Pressure on better data for climate action
Research Affiliates, the global smart-beta manager and advisory group, has called on institutional investors to pressure companies over their reporting of green-house gas emissions. Forward-looking reporting is proving useless, a new study reveals.
In a webinar for Australian and New Zealand investors and advisers last week (November 18), Vitali Kalesnik, Research Affiliates partner and director of research for Europe, spoke to his paper, ‘Green Data or Greenwashing’, which was reported on earlier this month. The two big findings in that study were that reported green-house gas emissions (GHG), were more accurate than ‘estimated’ GHG and, what it found ‘shocking’ was that forecast GHG by companies had almost zero correlation with reality.

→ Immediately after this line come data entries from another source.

lemma diag_reaches_root:
  assumes t: "pl 0 [] t" "excess_pos_below_root (Sk t)" and "x \<in> diag_vertices t"
  shows "(adj (diag_ends t) (diag_edges t - {e}))\<^sup>*\<^sup>* x []"
  using assms(3)
proof (induction "length x" arbitrary: x rule: less_induct)
  case less
  let ?R = "adj (diag_ends t) (diag_edges t - {e})"
  have x: "x \<in> nodes (Sk t)" "\<not> is_leaf (subt (Sk t) x)"
    using less.prems by (auto simp: diag_vertices_def)
  show ?case
  proof (cases "x = []")
    case False
    show ?thesis
    proof (cases "x = e")
      case False
      have "butlast x \<in> diag_vertices t"
        using butlast_node_internal[OF x(1) \<open>x \<noteq> []\<close>] by (auto simp: diag_vertices_def)
      then have "?R\<^sup>*\<^sup>* (butlast x) []"
        using less.hyps \<open>x \<noteq> []\<close> by simp
      moreover have "?R x (butlast x)"
        unfolding adj_def using False x \<open>x \<noteq> []\<close> by (intro bexI[of _ x]) (auto simp: diag_edges_def)
      ultimately show ?thesis
        by (simp add: converse_rtranclp_into_rtranclp)
    next
      case True
      \<comment> \<open>The tree edge above x is removed; leave the subtree through a leaf bound above x.\<close>
      have "0 < excess (subt (Sk t) x)"
        using t(2) x \<open>x \<noteq> []\<close> by (auto simp: excess_pos_below_root_def)
      then obtain p where c: "x @ p \<in> nodes (Sk t)" "is_leaf (subt (Sk t) (x @ p))"
        and bound_above: "strict_prefix (binder_of t (x @ p)) x"
        using binder_above_if_excess_pos[OF t(1) x(1)] by blast
      define b where "b = binder_of t (x @ p)"
      have "p \<noteq> []"
        using c(2) x(2) by auto
      have "b \<in> diag_vertices t"
        using strict_prefix_node_internal[OF binder_of_strict_prefix[OF t(1) c] c(1)]
        by (auto simp: b_def diag_vertices_def)
      then have "?R\<^sup>*\<^sup>* b []"
        using less.hyps bound_above prefix_length_less by (auto simp: b_def)
      moreover have "butlast (x @ p) = x @ butlast p"
        using \<open>p \<noteq> []\<close> by (simp add: butlast_append)
      then have "?R\<^sup>*\<^sup>* x (butlast (x @ p))"
        using butlast_node_internal[OF c(1)] \<open>p \<noteq> []\<close> True diag_path_down[of x "butlast p" t e]
        by auto
      moreover have "?R (butlast (x @ p)) b"
        unfolding adj_def using c True \<open>p \<noteq> []\<close>
        by (intro bexI[of _ "x @ p"]) (auto simp: diag_edges_def b_def)
      ultimately show ?thesis
        by (meson rtranclp.rtrancl_into_rtrancl rtranclp_trans)
    qed
  qed simp
qed

lemma diag_stays_below:
  assumes t: "pl 0 [] t" and c: "c \<in> nodes (Sk t)" "excess (subt (Sk t) c) = 0"
    and "(adj (diag_ends t) (diag_edges t - {c}))\<^sup>*\<^sup>* c y"
  shows "prefix c y"
  using assms(4)
proof (induction rule: rtranclp_induct)
  case (step y z)
  then obtain e where e: "e \<in> nodes (Sk t)" "e \<noteq> c"
    "diag_ends t e = (y, z) \<or> diag_ends t e = (z, y)"
    by (auto simp: adj_def diag_edges_def)
  show ?case
  proof (cases "is_leaf (subt (Sk t) e)")
    case True
    \<comment> \<open>A leaf below c is bound below c, since no atom is free in the subterm at c.\<close>
    have "prefix c e \<Longrightarrow> prefix c (binder_of t e)"
      using binder_below_if_excess_zero[OF t c] e(1) True by (auto simp: prefix_def)
    then show ?thesis
      using e(3) True step.IH prefixeq_butlast
        strict_prefix_imp_prefix_butlast[OF binder_of_strict_prefix[OF t e(1) True]]
      by (auto intro: prefix_order.trans)
  next
    case False
    then show ?thesis
      using e(2,3) step.IH prefixeq_butlast strict_prefix_imp_prefix_butlast
      by (auto intro: prefix_order.trans simp: strict_prefix_def)
  qed
qed simp

theorem two_connected_iff_excess_pos_below_root:
  assumes t: "pl 0 [] t"
  shows "two_connected t \<longleftrightarrow> excess_pos_below_root (Sk t)"
proof
  assume "excess_pos_below_root (Sk t)"
  then have "(adj (diag_ends t) (diag_edges t - {e}))\<^sup>*\<^sup>* x y"
    if "x \<in> diag_vertices t" "y \<in> diag_vertices t" for e x y
    using diag_reaches_root[OF t] that adj_rtranclp_sym by (meson rtranclp_trans)
  moreover have "diag_edges t - {[]} = diag_edges t"
    by (auto simp: diag_edges_def)
  ultimately show "two_connected t"
    unfolding two_connected_def two_edge_connected_def by metis
next
  assume 2: "two_connected t"
  show "excess_pos_below_root (Sk t)"
    unfolding excess_pos_below_root_def
  proof (intro ballI impI)
    fix c assume c: "c \<in> nodes (Sk t)" "c \<noteq> []"
    show "0 < excess (subt (Sk t) c)"
    proof (rule ccontr)
      assume "\<not> 0 < excess (subt (Sk t) c)"
      then have c0: "excess (subt (Sk t) c) = 0"
        using excess_subt_nonneg[OF t c(1)] by auto
      then have "\<not> is_leaf (subt (Sk t) c)"
        by (cases "subt (Sk t) c") auto
      then have "c \<in> diag_vertices t" "c \<in> diag_edges t"
        using c by (auto simp: diag_vertices_def diag_edges_def)
      moreover have "Sk t \<noteq> Leaf"
        using pl_excess[OF t] by auto
      then have "[] \<in> diag_vertices t"
        by (cases "Sk t") (auto simp: diag_vertices_def)
      ultimately show False
        using 2 diag_stays_below[OF t c(1) c0, of "[]"] c(2)
        unfolding two_connected_def two_edge_connected_def by auto
    qed
  qed
qed

theorem proposition1:
  fixes S :: sk
  shows "((\<exists>t. Sk t = S \<and> planar t \<and> linear t \<and> normal t) \<longleftrightarrow>
            cond_linearity S \<and> cond_normality S \<and> cond_connectedness S)
       \<and> (\<forall>t. Sk t = S \<and> planar t \<and> linear t \<and> normal t \<longrightarrow>
            (two_connected t \<longleftrightarrow> cond_2connectedness S))"
proof (intro conjI allI impI)
  show "(\<exists>t. Sk t = S \<and> planar t \<and> linear t \<and> normal t) \<longleftrightarrow>
          cond_linearity S \<and> cond_normality S \<and> cond_connectedness S"
    unfolding cond_linearity_def cond_normality_iff cond_connectedness_iff
    by (rule planar_linear_normal_skeleton_iff)
  fix t
  assume "Sk t = S \<and> planar t \<and> linear t \<and> normal t"
  then have S: "Sk t = S" and t: "pl 0 [] t"
    by (auto simp: planar_def)
  then have "excess S = 0"
    using pl_excess by auto
  then show "two_connected t \<longleftrightarrow> cond_2connectedness S"
    using two_connected_iff_excess_pos_below_root[OF t] S
    by (simp add: cond_2connectedness_iff excess_pos_below_root_chain_iff)
qed
lemma eigenvalue_equilibrium_jacobian:
  fixes R :: "real^'k^'k"
  assumes rows: "\<And>i. (\<Sum>j\<in>UNIV. R $ i $ j) = 1"
    and "is_eigenvalue (equilibrium_jacobian a R) \<mu>"
  shows "\<mu> = -1 \<or> (\<exists>\<nu>. is_eigenvalue R \<nu> \<and> \<mu> = of_real a * \<nu> - 1)"
proof -
  obtain z where "z \<noteq> 0" and z: "cmat (equilibrium_jacobian a R) *v z = \<mu> *s z"
    using assms(2) unfolding is_eigenvalue_def by blast
  define s where "s = (\<Sum>i\<in>UNIV. z $ i)"
  define n :: complex where "n = of_nat CARD('k)"
  have comp: "\<mu> * z $ j = of_real a * (z v* cmat R) $ j - of_real a * s / n - z $ j" for j
  proof -
    have "\<mu> * z $ j = (cmat (equilibrium_jacobian a R) *v z) $ j"
      using z by simp
    also have "\<dots> = (\<Sum>m\<in>UNIV. (of_real a * (cmat R $ m $ j - 1 / n) - (if j = m then 1 else 0)) * z $ m)"
      by (simp add: matrix_vector_mult_def cmat_def equilibrium_jacobian_def n_def if_distrib[of of_real] cong: if_cong)
    also have "\<dots> = of_real a * (z v* cmat R) $ j - of_real a * s / n - z $ j"
      by (simp add: algebra_simps sum_subtractf sum_distrib_left sum_divide_distrib
          sum.distrib vector_matrix_mult_def s_def if_distrib[of "\<lambda>x. _ * x"] cong: if_cong)
    finally show ?thesis .
  qed
  have "(\<mu> + 1) * s = 0"
  proof -
    have "\<mu> * s = (\<Sum>j\<in>UNIV. of_real a * (z v* cmat R) $ j - of_real a * s / n - z $ j)"
      by (simp add: s_def sum_distrib_left comp)
    also have "\<dots> = - s"
      by (simp add: sum_subtractf sum_vector_matrix_mult_row_stochastic[OF rows] n_def s_def
          flip: sum_distrib_left)
    finally show ?thesis by (simp add: algebra_simps)
  qed
  moreover have "\<exists>\<nu>. is_eigenvalue R \<nu> \<and> \<mu> = of_real a * \<nu> - 1" if "s = 0" "\<mu> \<noteq> -1"
  proof -
    have left: "of_real a * (z v* cmat R) $ j = (\<mu> + 1) * z $ j" for j
      using comp[of j] \<open>s = 0\<close> by (simp add: algebra_simps)
    have "a \<noteq> 0"
      using left \<open>z \<noteq> 0\<close> \<open>\<mu> \<noteq> -1\<close> by (auto simp: vec_eq_iff add_eq_0_iff2)
    then have "z v* cmat R = ((\<mu> + 1) / of_real a) *s z"
      using left by (simp add: vec_eq_iff field_simps)
    then show ?thesis
      using \<open>z \<noteq> 0\<close> \<open>a \<noteq> 0\<close> unfolding is_eigenvalue_iff_left_eigenvector by force
  qed
  ultimately show ?thesis by (auto simp: add_eq_0_iff2)
qed

lemma Re_eigenvalue_equilibrium_jacobian_neg:
  fixes R :: "real^'k^'k"
  assumes rows: "\<And>i. (\<Sum>j\<in>UNIV. R $ i $ j) = 1"
    and "a \<le> 0"
    and spectrum: "\<And>\<nu>. is_eigenvalue R \<nu> \<Longrightarrow> \<nu> \<noteq> 1 \<Longrightarrow> a * Re \<nu> < 1"
    and "is_eigenvalue (equilibrium_jacobian a R) \<mu>"
  shows "Re \<mu> < 0"
proof -
  consider "\<mu> = -1" | \<nu> where "is_eigenvalue R \<nu>" "\<mu> = of_real a * \<nu> - 1"
    using eigenvalue_equilibrium_jacobian[OF rows assms(4)] by blast
  then show ?thesis
  proof cases
    case (2 \<nu>)
    then show ?thesis
      using spectrum[of \<nu>] \<open>a \<le> 0\<close> by (cases "\<nu> = 1") auto
  qed simp
qed

lemma has_real_derivative_nonpos_if_antimono_on:
  fixes f :: "real \<Rightarrow> real"
  assumes "antimono_on S f" and "x \<in> S" and "x islimpt S"
    and "(f has_real_derivative d) (at x within S)"
  shows "d \<le> 0"
proof (rule tendsto_upperbound)
  show "((\<lambda>y. (f y - f x) / (y - x)) \<longlongrightarrow> d) (at x within S)"
    using assms(4) by (simp add: has_field_derivative_iff)
  have "(f y - f x) / (y - x) \<le> 0" if "y \<in> S" "y \<noteq> x" for y
    using monotone_onD[OF assms(1) \<open>x \<in> S\<close> \<open>y \<in> S\<close>] monotone_onD[OF assms(1) \<open>y \<in> S\<close> \<open>x \<in> S\<close>] \<open>y \<noteq> x\<close>
    by (cases "x < y") (auto simp: divide_nonpos_pos divide_nonneg_neg)
  then show "\<forall>\<^sub>F y in at x within S. (f y - f x) / (y - x) \<le> 0"
    by (auto simp: eventually_at_filter)
  show "at x within S \<noteq> bot"
    using assms(3) trivial_limit_within by blast
qed

lemma clamped_extension_pos:
  fixes w :: "real \<Rightarrow> real"
  assumes "\<forall>y\<in>{0..1}. w y > 0" and "\<forall>y\<le>0. w y = w 0" and "\<forall>y\<ge>1. w y = w 1"
  shows "w t > 0"
proof -
  consider "t \<le> 0" | "t \<ge> 1" | "t \<in> {0..1}"
    by force
  then show ?thesis
    using assms(1) assms(2)[rule_format, of t] assms(3)[rule_format, of t] by cases auto
qed

lemma stable_equilibriumI:
  assumes "h x = 0" and "(h has_derivative L) (at x)"
    and "\<And>\<mu>. is_eigenvalue (matrix L) \<mu> \<Longrightarrow> Re \<mu> < 0"
  shows "stable_equilibrium h x"
  using assms frechet_derivative_at[OF assms(2)]
  unfolding stable_equilibrium_def jacobian_def differentiable_def by auto

lemma wvec_const_vector_matrix_mult:
  fixes R :: "real^'k^'k"
  assumes "\<And>j. (\<Sum>i\<in>UNIV. R $ i $ j) = 1"
  shows "wvec w (\<chi> i. c) v* R = (\<chi> j. w c)"
  using assms by (simp add: vec_eq_iff vector_matrix_mult_def wvec_def flip: sum_distrib_left)

lemma hfield_uniform_eq_0:
  fixes R :: "real^'k^'k"
  assumes cols: "\<And>j. (\<Sum>i\<in>UNIV. R $ i $ j) = 1" and "w (1 / real CARD('k)) \<noteq> 0"
  shows "hfield w R (\<chi> i. 1 / real CARD('k)) = 0"
  using assms(2) by (simp add: hfield_def S_w_def vec_eq_iff wvec_const_vector_matrix_mult[OF cols])

lemma wvec_vector_matrix_mult: "wvec w y v* R = (\<Sum>i\<in>UNIV. w (y $ i) *\<^sub>R R $ i)"
  by (simp add: vec_eq_iff vector_matrix_mult_def wvec_def)

lemma has_derivative_hfield:
  fixes R :: "real^'k^'k"
  assumes deriv: "\<And>i. (w has_real_derivative w' (y $ i)) (at (y $ i))" and "S_w w y \<noteq> 0"
  shows "(hfield w R has_derivative
      (\<lambda>v. (1 / S_w w y) *\<^sub>R (\<Sum>i\<in>UNIV. (w' (y $ i) * v $ i) *\<^sub>R R $ i)
         - ((\<Sum>i\<in>UNIV. w' (y $ i) * v $ i) / (S_w w y)\<^sup>2) *\<^sub>R (wvec w y v* R) - v)) (at y)"
proof -
  have comp: "((\<lambda>y. w (y $ i)) has_derivative (\<lambda>v. w' (y $ i) * v $ i)) (at y)" for i
    using has_derivative_compose[OF bounded_linear.has_derivative[OF bounded_linear_vec_nth has_derivative_ident]
        deriv[of i, unfolded has_field_derivative_def]]
    by (simp add: mult.commute)
  have "hfield w R = (\<lambda>y. (1 / S_w w y) *\<^sub>R (\<Sum>i\<in>UNIV. w (y $ i) *\<^sub>R R $ i) - y)"
    by (simp add: hfield_def wvec_vector_matrix_mult fun_eq_iff)
  then show ?thesis
    using assms(2) unfolding S_w_def
    by (auto intro!: derivative_eq_intros comp simp: wvec_vector_matrix_mult power2_eq_square)
qed

lemma has_derivative_hfield_uniform:
  fixes R :: "real^'k^'k"
  defines "c \<equiv> 1 / real CARD('k)"
  assumes cols: "\<And>j. (\<Sum>i\<in>UNIV. R $ i $ j) = 1"
    and deriv: "(w has_real_derivative d) (at c)" and "w c \<noteq> 0"
  obtains L where "(hfield w R has_derivative L) (at (\<chi> i. c))"
    and "matrix L = equilibrium_jacobian (d / (real CARD('k) * w c)) R"
proof -
  define x :: "real^'k" where "x = (\<chi> i. c)"
  have S: "S_w w x = real CARD('k) * w c"
    by (simp add: S_w_def x_def)
  have wR: "wvec w x v* R = (\<chi> j. w c)"
    unfolding x_def by (rule wvec_const_vector_matrix_mult[OF cols])
  define L where "L = (\<lambda>v. (1 / S_w w x) *\<^sub>R (\<Sum>i\<in>UNIV. (d * v $ i) *\<^sub>R R $ i)
         - ((\<Sum>i\<in>UNIV. d * v $ i) / (S_w w x)\<^sup>2) *\<^sub>R (wvec w x v* R) - v)"
  have "(hfield w R has_derivative L) (at x)"
    unfolding L_def using has_derivative_hfield[of w "\<lambda>_. d" x R] deriv S \<open>w c \<noteq> 0\<close>
    by (simp add: x_def)
  have "L (axis m 1) $ j = d / (real CARD('k) * w c) * (R $ m $ j - 1 / real CARD('k)) - (if j = m then 1 else 0)"
    for m j
    using \<open>w c \<noteq> 0\<close>
    by (simp add: L_def S wR axis_def if_distrib[of "\<lambda>x. _ * x"]
        power2_eq_square c_def field_simps cong: if_cong)
  then have "matrix L = equilibrium_jacobian (d / (real CARD('k) * w c)) R"
    by (simp add: matrix_def equilibrium_jacobian_def vec_eq_iff)
  with \<open>(hfield w R has_derivative L) (at x)\<close> that show ?thesis
    unfolding x_def by blast
qed

lemma row_stochastic_card_1_entry:
  fixes R :: "real^'k^'k"
  assumes "CARD('k) = 1" and rows: "\<And>i. (\<Sum>j\<in>UNIV. R $ i $ j) = 1"
  shows "R $ i $ j = 1"
proof -
  obtain k0 :: 'k where UNIV: "UNIV = {k0}"
    using card_1_singletonE[OF assms(1)] .
  then have "i = k0" "j = k0"
    by auto
  then show ?thesis
    using rows[of i] by (simp add: UNIV)
qed

lemma hfield_card_1:
  fixes R :: "real^'k^'k"
  assumes "CARD('k) = 1" and rows: "\<And>i. (\<Sum>j\<in>UNIV. R $ i $ j) = 1" and "\<And>t. w t \<noteq> 0"
  shows "hfield w R = (\<lambda>y. 1 - y)"
proof -
  obtain k0 :: 'k where UNIV: "UNIV = {k0}"
    using card_1_singletonE[OF assms(1)] .
  show ?thesis
    using row_stochastic_card_1_entry[OF assms(1) rows] assms(3)
    by (simp add: fun_eq_iff vec_eq_iff hfield_def S_w_def wvec_def vector_matrix_mult_def UNIV)
qed

lemma equilibrium_jacobian_card_1:
  fixes R :: "real^'k^'k"
  assumes "CARD('k) = 1" and rows: "\<And>i. (\<Sum>j\<in>UNIV. R $ i $ j) = 1"
  shows "equilibrium_jacobian a R = matrix uminus"
  using assms(1) row_stochastic_card_1_entry[OF assms]
  by (simp add: equilibrium_jacobian_def matrix_def axis_def vec_eq_iff)
section \<open>Chebyshev polynomials at \<open>\<lambda> + \<lambda>\<inverse>\<close>\<close>

lemma cheb_plus_inverse:
  fixes l l' :: complex
  assumes inv: "l * l' = 1"
  shows "cheb k (l + l') * (l - l') = l^(Suc k) - l'^(Suc k)"
proof -
  have shift: "l * l'^(Suc i) = l'^i" "l' * l^(Suc i) = l^i" for i
    using inv by (simp_all add: mult.assoc[symmetric] mult.commute)
  have "cheb k (l + l') * (l - l') = l^(Suc k) - l'^(Suc k) \<and>
      cheb (Suc k) (l + l') * (l - l') = l^(Suc (Suc k)) - l'^(Suc (Suc k))"
  proof (induction k)
    case 0
    then show ?case by (simp add: algebra_simps power2_eq_square)
  next
    case (Suc k)
    have "cheb (Suc (Suc k)) (l + l') * (l - l') =
        (l + l') * (cheb (Suc k) (l + l') * (l - l')) - cheb k (l + l') * (l - l')"
      by (simp add: algebra_simps)
    also have "\<dots> = (l + l') * (l^(Suc (Suc k)) - l'^(Suc (Suc k))) - (l^(Suc k) - l'^(Suc k))"
      using Suc by simp
    also have "(l + l') * (l^(Suc (Suc k)) - l'^(Suc (Suc k))) =
        l * l^(Suc (Suc k)) - l * l'^(Suc (Suc k)) + l' * l^(Suc (Suc k)) - l' * l'^(Suc (Suc k))"
      by (simp add: algebra_simps)
    also have "\<dots> = l^(Suc (Suc (Suc k))) - l'^(Suc k) + l^(Suc k) - l'^(Suc (Suc (Suc k)))"
      by (simp only: shift power_Suc[symmetric])
    finally show ?case using Suc by simp
  qed
  then show ?thesis ..
qed

lemma cheb_two: "cheb k 2 = of_nat k + 1"
proof -
  have "cheb k 2 = of_nat k + 1 \<and> cheb (Suc k) 2 = of_nat (Suc k) + 1"
    by (induction k) (auto simp: algebra_simps)
  then show ?thesis ..
qed

lemma cheb_minus_two: "cheb k (-2) = (-1)^k * (of_nat k + 1)"
proof -
  have "cheb k (-2) = (-1)^k * (of_nat k + 1) \<and> cheb (Suc k) (-2) = (-1)^(Suc k) * (of_nat (Suc k) + 1)"
  proof (induction k)
    case (Suc k)
    then have "cheb (Suc (Suc k)) (-2) = (-2) * ((-1)^(Suc k) * (of_nat (Suc k) + 1)) - (-1)^k * (of_nat k + 1)"
      by simp
    also have "\<dots> = (-1)^(Suc (Suc k)) * (of_nat (Suc (Suc k)) + 1)"
      by (simp add: algebra_simps)
    finally show ?case using Suc by simp
  qed simp
  then show ?thesis ..
qed

lemma root_of_unity_plus_inverse:
  assumes "(l::complex)^N = 1" "N \<ge> 1" "l \<noteq> 1" "l \<noteq> -1"
  shows "\<exists>j. 1 \<le> j \<and> 2 * j < N \<and>
    l + 1/l = complex_of_real (2 * cos (2 * real j * pi / real N))"
proof -
  have cis_plus_inverse: "cis t + 1 / cis t = complex_of_real (2 * cos t)" for t
    by (simp add: complex_eq_iff divide_inverse)
  obtain j0 where j0: "j0 < N" "l = exp (2 * of_real pi * \<i> * of_nat j0 / of_nat N)"
    using assms complex_roots_unity[OF assms(2)] by blast
  then have l: "l = cis (2 * real j0 * pi / real N)"
    by (simp add: cis_conv_exp field_simps)
  have "j0 \<noteq> 0"
  proof
    assume "j0 = 0"
    then show False using l assms(3) by simp
  qed
  have "2 * j0 \<noteq> N"
  proof
    assume "2 * j0 = N"
    then have "real N = 2 * real j0" by simp
    then have "2 * real j0 * pi / real N = pi" using \<open>j0 \<noteq> 0\<close> by simp
    then show False using l assms(4) by simp
  qed
  show ?thesis
  proof (cases "2 * j0 < N")
    case True
    then show ?thesis using \<open>j0 \<noteq> 0\<close> l cis_plus_inverse by (intro exI[of _ j0]) auto
  next
    case False
    have "2 * real (N - j0) * pi / real N = 2 * pi - 2 * real j0 * pi / real N"
      using j0(1) assms(2) by (simp add: of_nat_diff field_simps)
    then have "cos (2 * real (N - j0) * pi / real N) = cos (2 * real j0 * pi / real N)"
      by simp
    then have "l + 1/l = complex_of_real (2 * cos (2 * real (N - j0) * pi / real N))"
      by (simp only: l cis_plus_inverse)
    then show ?thesis
      using j0(1) False \<open>2 * j0 \<noteq> N\<close> by (intro exI[of _ "N - j0"]) auto
  qed
qed

lemma cheb_eq_0_imp_cos:
  assumes "cheb (n - 1) w = 0" "n \<ge> 1"
  shows "\<exists>k. 1 \<le> k \<and> k \<le> n - 1 \<and> w = complex_of_real (2 * cos (real k * pi / real n))"
proof -
  obtain u where u: "u \<noteq> 0" "w = u + 1/u" using ex_plus_inverse by blast
  have n: "Suc (n - 1) = n" "of_nat (n - 1) + 1 = (of_nat n :: complex)"
    using assms(2) by (simp_all add: of_nat_diff)
  have "u \<noteq> 1"
    using assms cheb_two[of "n - 1"] n u by auto
  moreover have "u \<noteq> -1"
    using assms cheb_minus_two[of "n - 1"] n u by auto
  moreover have "u^(2 * n) = 1"
  proof -
    have "u^n = (1/u)^n"
      using cheb_plus_inverse[of u "1/u" "n - 1"] u assms(1) n(1) by simp
    then have "u^n * u^n = u^n * (1/u)^n" by simp
    then show ?thesis using u(1) by (simp add: power_mult_distrib[symmetric] mult_2 power_add)
  qed
  ultimately obtain j where j: "1 \<le> j" "2 * j < 2 * n"
      "u + 1/u = complex_of_real (2 * cos (2 * real j * pi / real (2 * n)))"
    using root_of_unity_plus_inverse[of u "2 * n"] assms(2) by auto
  have "2 * real j * pi / real (2 * n) = real j * pi / real n" by simp
  then show ?thesis using j u(2) by (intro exI[of _ j]) auto
qed

section \<open>Points of the character variety\<close>

lemma Rpoly_minus_two_imp_Yexc:
  assumes "Rpoly m n x y (-2) = 0" "even m" "m \<ge> 1"
  shows "(x, y, -2) \<in> Yexc m n"
proof -
  have "odd (m - 1)" "of_nat (m - 1) + 1 = (of_nat m :: complex)"
    using assms(2,3) by (auto simp: of_nat_diff)
  then have cheb_m: "cheb (m - 1) (-2) = - of_nat m" "cheb m (-2) = of_nat m + 1"
    using assms(2) by (simp_all add: cheb_minus_two)
  define v1 where "v1 = x * y + 2 + of_nat (m^2 + m) * (x + y)^2"
  have "(x * cheb m (-2) - y * cheb (m - 1) (-2)) * (y * cheb m (-2) - x * cheb (m - 1) (-2))
      - (-2) * ((cheb m (-2))^2 + (cheb (m - 1) (-2))^2) + 4 * cheb m (-2) * cheb (m - 1) (-2) = v1"
    by (simp only: cheb_m) (simp add: v1_def algebra_simps power2_eq_square)
  then have "cheb (m - 1) (-2) * cheb n v1 - cheb m (-2) * cheb (n - 1) v1 = 0"
    using assms(1) by (simp only: Rpoly_def Let_def)
  moreover have "of_nat m * cheb n v1 + of_nat (m + 1) * cheb (n - 1) v1 =
      - (cheb (m - 1) (-2) * cheb n v1 - cheb m (-2) * cheb (n - 1) v1)"
    by (simp only: cheb_m) (simp add: algebra_simps)
  ultimately have "of_nat m * cheb n v1 + of_nat (m + 1) * cheb (n - 1) v1 = 0"
    by simp
  then show ?thesis by (simp add: Yexc_def v1_def)
qed

lemma Rpoly_root_of_unity_imp_Yjk:
  assumes "Rpoly m n x y (l + 1/l) = 0" "l^m = 1" "l \<noteq> 1" "l \<noteq> -1" "m \<ge> 1" "n \<ge> 1"
  shows "\<exists>j k. 1 \<le> j \<and> 2 * j < m \<and> 1 \<le> k \<and> k \<le> n - 1 \<and>
    (x, y, l + 1/l) \<in> Yjk m n j k"
proof -
  have "l \<noteq> 0" using assms(2,5) by (cases "l = 0") (auto simp: power_0_left)
  have "l - 1/l \<noteq> 0"
  proof
    assume "l - 1/l = 0"
    then have "(l - 1) * (l + 1) = 0" using \<open>l \<noteq> 0\<close> by (simp add: field_simps)
    then show False using assms(3,4) by (auto simp: add_eq_0_iff minus_equation_iff)
  qed
  have "(1/l)^m = 1" using assms(2) by (simp add: power_one_over)
  then have "cheb (m - 1) (l + 1/l) = 0" "cheb m (l + 1/l) = 1"
    using cheb_plus_inverse[of l "1/l" "m - 1"] cheb_plus_inverse[of l "1/l" m] \<open>l \<noteq> 0\<close>
      \<open>l - 1/l \<noteq> 0\<close> assms(2,5) by simp_all
  then have "cheb (n - 1) (x * y - (l + 1/l)) = 0"
    using assms(1) by (simp add: Rpoly_def Let_def)
  then obtain k where k: "1 \<le> k" "k \<le> n - 1"
      "x * y - (l + 1/l) = complex_of_real (2 * cos (real k * pi / real n))"
    using cheb_eq_0_imp_cos assms(6) by blast
  obtain j where j: "1 \<le> j" "2 * j < m" "l + 1/l = complex_of_real (2 * cos (2 * real j * pi / real m))"
    using root_of_unity_plus_inverse[OF assms(2,5,3,4)] by blast
  show ?thesis using j k by (auto simp: Yjk_def)
qed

Kalesnik said in the webinar that more than 50 per cent of possible data on GHG was neither reported by companies nor estimated by data providers. The researchers took four data providers from a sample of eight well-known ones for their study. They assume that GHG emissions have a major impact on climate change, as a central piece in the consensus of scientific work on the subject.
Influencing the fund manager’s position to call for big pension funds and other institutional investors to put more pressure on their investee companies, was the finding that reported data was better than third-party estimates.
“We think investors should start actively pushing companies to report,” Kalesnik said. Research Affiliates has about US$230 billion (A$316 billion) under management globally, either directly with its own funds or indirectly through partners, with offices in Sydney and Melbourne.
Kalesnik said that estimated data was 2.4 times less effective than reported study, according the researchers’ calculations. “Estimated data is a very noisy proxy for reported data,” he said. “And forward-looking data doesn’t forecast future emissions levels at all. We found this quite shocking.” With forward-looking data, he said: “There is no evidence that forward-looking information is useful regarding future changes in emissions and suggests a large prevalence of cheap talk.”
Research Affiliates would like to see an international regulatory initiative for mandatory reporting of GHG emissions data. Under such an initiative, it advocates for:
. adoption of a single reporting standard for the current data and ongoing investment projects (for the forward-looking estimates)
. emissions estimate audits to ensure the accuracy of the data, and
. In the interim, investors should provide incentives for companies to report their emissions.